Entries provided Start Marker

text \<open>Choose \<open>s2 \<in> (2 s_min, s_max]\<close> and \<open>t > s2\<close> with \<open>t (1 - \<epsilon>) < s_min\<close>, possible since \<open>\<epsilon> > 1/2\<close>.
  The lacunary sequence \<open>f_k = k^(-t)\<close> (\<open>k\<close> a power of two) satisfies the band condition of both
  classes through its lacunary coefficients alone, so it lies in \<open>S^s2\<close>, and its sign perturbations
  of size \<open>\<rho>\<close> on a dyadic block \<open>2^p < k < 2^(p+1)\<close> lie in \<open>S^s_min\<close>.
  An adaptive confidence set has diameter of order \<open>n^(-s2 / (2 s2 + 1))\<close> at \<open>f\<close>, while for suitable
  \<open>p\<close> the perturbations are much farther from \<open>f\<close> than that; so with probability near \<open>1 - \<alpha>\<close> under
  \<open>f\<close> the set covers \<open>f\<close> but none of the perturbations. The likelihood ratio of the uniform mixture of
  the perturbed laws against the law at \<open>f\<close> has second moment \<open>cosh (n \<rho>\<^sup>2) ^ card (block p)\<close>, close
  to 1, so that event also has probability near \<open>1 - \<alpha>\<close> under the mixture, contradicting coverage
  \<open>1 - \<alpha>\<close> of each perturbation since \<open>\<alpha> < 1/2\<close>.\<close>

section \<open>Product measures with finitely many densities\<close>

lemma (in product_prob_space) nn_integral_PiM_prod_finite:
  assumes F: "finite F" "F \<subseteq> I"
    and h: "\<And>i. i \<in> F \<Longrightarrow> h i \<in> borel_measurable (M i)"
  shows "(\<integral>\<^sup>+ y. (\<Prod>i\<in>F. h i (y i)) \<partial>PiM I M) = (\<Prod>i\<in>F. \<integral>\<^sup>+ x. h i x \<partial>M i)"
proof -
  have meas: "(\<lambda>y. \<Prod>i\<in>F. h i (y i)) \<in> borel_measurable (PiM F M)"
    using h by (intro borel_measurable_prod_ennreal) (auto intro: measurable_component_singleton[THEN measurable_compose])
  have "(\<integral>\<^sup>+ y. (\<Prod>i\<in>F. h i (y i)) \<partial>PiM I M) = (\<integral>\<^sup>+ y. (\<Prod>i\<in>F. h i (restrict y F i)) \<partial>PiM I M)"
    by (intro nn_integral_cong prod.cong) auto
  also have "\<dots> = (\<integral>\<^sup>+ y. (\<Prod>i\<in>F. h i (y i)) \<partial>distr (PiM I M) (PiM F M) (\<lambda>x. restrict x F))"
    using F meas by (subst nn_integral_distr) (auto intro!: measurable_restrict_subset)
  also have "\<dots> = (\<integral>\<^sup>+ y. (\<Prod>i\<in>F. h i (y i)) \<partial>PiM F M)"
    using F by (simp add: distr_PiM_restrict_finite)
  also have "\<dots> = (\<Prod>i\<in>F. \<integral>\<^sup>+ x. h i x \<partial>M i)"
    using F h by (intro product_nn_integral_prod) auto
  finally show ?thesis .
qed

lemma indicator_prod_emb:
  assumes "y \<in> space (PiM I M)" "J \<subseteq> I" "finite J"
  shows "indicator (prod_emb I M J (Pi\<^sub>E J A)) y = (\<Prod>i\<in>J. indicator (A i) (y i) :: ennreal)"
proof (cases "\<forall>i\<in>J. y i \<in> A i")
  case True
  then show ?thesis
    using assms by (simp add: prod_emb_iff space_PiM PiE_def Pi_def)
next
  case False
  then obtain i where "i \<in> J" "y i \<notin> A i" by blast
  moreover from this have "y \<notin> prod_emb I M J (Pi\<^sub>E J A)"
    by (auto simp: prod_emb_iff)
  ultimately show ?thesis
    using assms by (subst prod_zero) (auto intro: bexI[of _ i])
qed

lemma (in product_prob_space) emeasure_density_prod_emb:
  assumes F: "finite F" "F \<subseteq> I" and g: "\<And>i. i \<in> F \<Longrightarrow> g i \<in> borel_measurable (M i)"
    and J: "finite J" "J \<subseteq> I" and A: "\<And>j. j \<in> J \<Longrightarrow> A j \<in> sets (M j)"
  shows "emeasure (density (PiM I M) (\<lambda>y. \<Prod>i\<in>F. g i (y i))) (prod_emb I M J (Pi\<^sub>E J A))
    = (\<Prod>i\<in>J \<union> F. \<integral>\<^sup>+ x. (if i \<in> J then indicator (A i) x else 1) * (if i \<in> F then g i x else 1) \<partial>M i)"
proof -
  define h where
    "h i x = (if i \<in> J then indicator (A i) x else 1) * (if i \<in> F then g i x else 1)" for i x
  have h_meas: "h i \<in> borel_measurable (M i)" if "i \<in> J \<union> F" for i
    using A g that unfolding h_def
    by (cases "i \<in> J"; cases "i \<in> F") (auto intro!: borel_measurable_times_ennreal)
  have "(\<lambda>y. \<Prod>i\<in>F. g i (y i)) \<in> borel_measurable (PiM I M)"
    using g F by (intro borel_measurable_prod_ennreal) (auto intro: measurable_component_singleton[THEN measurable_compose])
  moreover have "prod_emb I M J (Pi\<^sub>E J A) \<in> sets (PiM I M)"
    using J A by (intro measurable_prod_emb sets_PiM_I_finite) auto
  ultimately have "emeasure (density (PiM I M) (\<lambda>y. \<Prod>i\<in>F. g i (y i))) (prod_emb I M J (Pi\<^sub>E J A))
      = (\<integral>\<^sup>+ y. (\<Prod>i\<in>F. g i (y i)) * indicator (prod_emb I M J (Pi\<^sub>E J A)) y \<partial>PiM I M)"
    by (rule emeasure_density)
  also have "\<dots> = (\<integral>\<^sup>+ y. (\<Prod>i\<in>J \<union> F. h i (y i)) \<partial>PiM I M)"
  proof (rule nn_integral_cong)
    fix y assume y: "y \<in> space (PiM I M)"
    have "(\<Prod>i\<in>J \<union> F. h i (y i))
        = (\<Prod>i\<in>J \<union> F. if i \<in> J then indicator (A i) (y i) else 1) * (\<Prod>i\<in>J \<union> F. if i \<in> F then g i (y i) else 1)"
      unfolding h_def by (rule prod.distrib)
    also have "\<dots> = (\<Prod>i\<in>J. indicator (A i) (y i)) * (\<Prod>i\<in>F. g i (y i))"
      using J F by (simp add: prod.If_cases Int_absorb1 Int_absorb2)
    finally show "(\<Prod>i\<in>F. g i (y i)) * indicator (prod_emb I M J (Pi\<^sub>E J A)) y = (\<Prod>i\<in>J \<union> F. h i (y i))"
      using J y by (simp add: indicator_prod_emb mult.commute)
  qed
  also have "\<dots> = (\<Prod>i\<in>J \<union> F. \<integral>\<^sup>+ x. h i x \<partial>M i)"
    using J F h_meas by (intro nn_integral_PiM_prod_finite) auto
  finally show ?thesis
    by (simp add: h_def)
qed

Entries provided End Marker

Could you restate, word for word, the lines above from the one with "(\<integral>\<^sup>+ y. (\<Prod>i\<in>J" to the one with "1) * (\<Prod>i\<in>J", both included?

  also have "\<dots> = (\<integral>\<^sup>+ y. (\<Prod>i\<in>J \<union> F. h i (y i)) \<partial>PiM I M)"
  proof (rule nn_integral_cong)
    fix y assume y: "y \<in> space (PiM I M)"
    have "(\<Prod>i\<in>J \<union> F. h i (y i))
        = (\<Prod>i\<in>J \<union> F. if i \<in> J then indicator (A i) (y i) else 1) * (\<Prod>i\<in>J \<union> F. if i \<in> F then g i (y i) else 1)"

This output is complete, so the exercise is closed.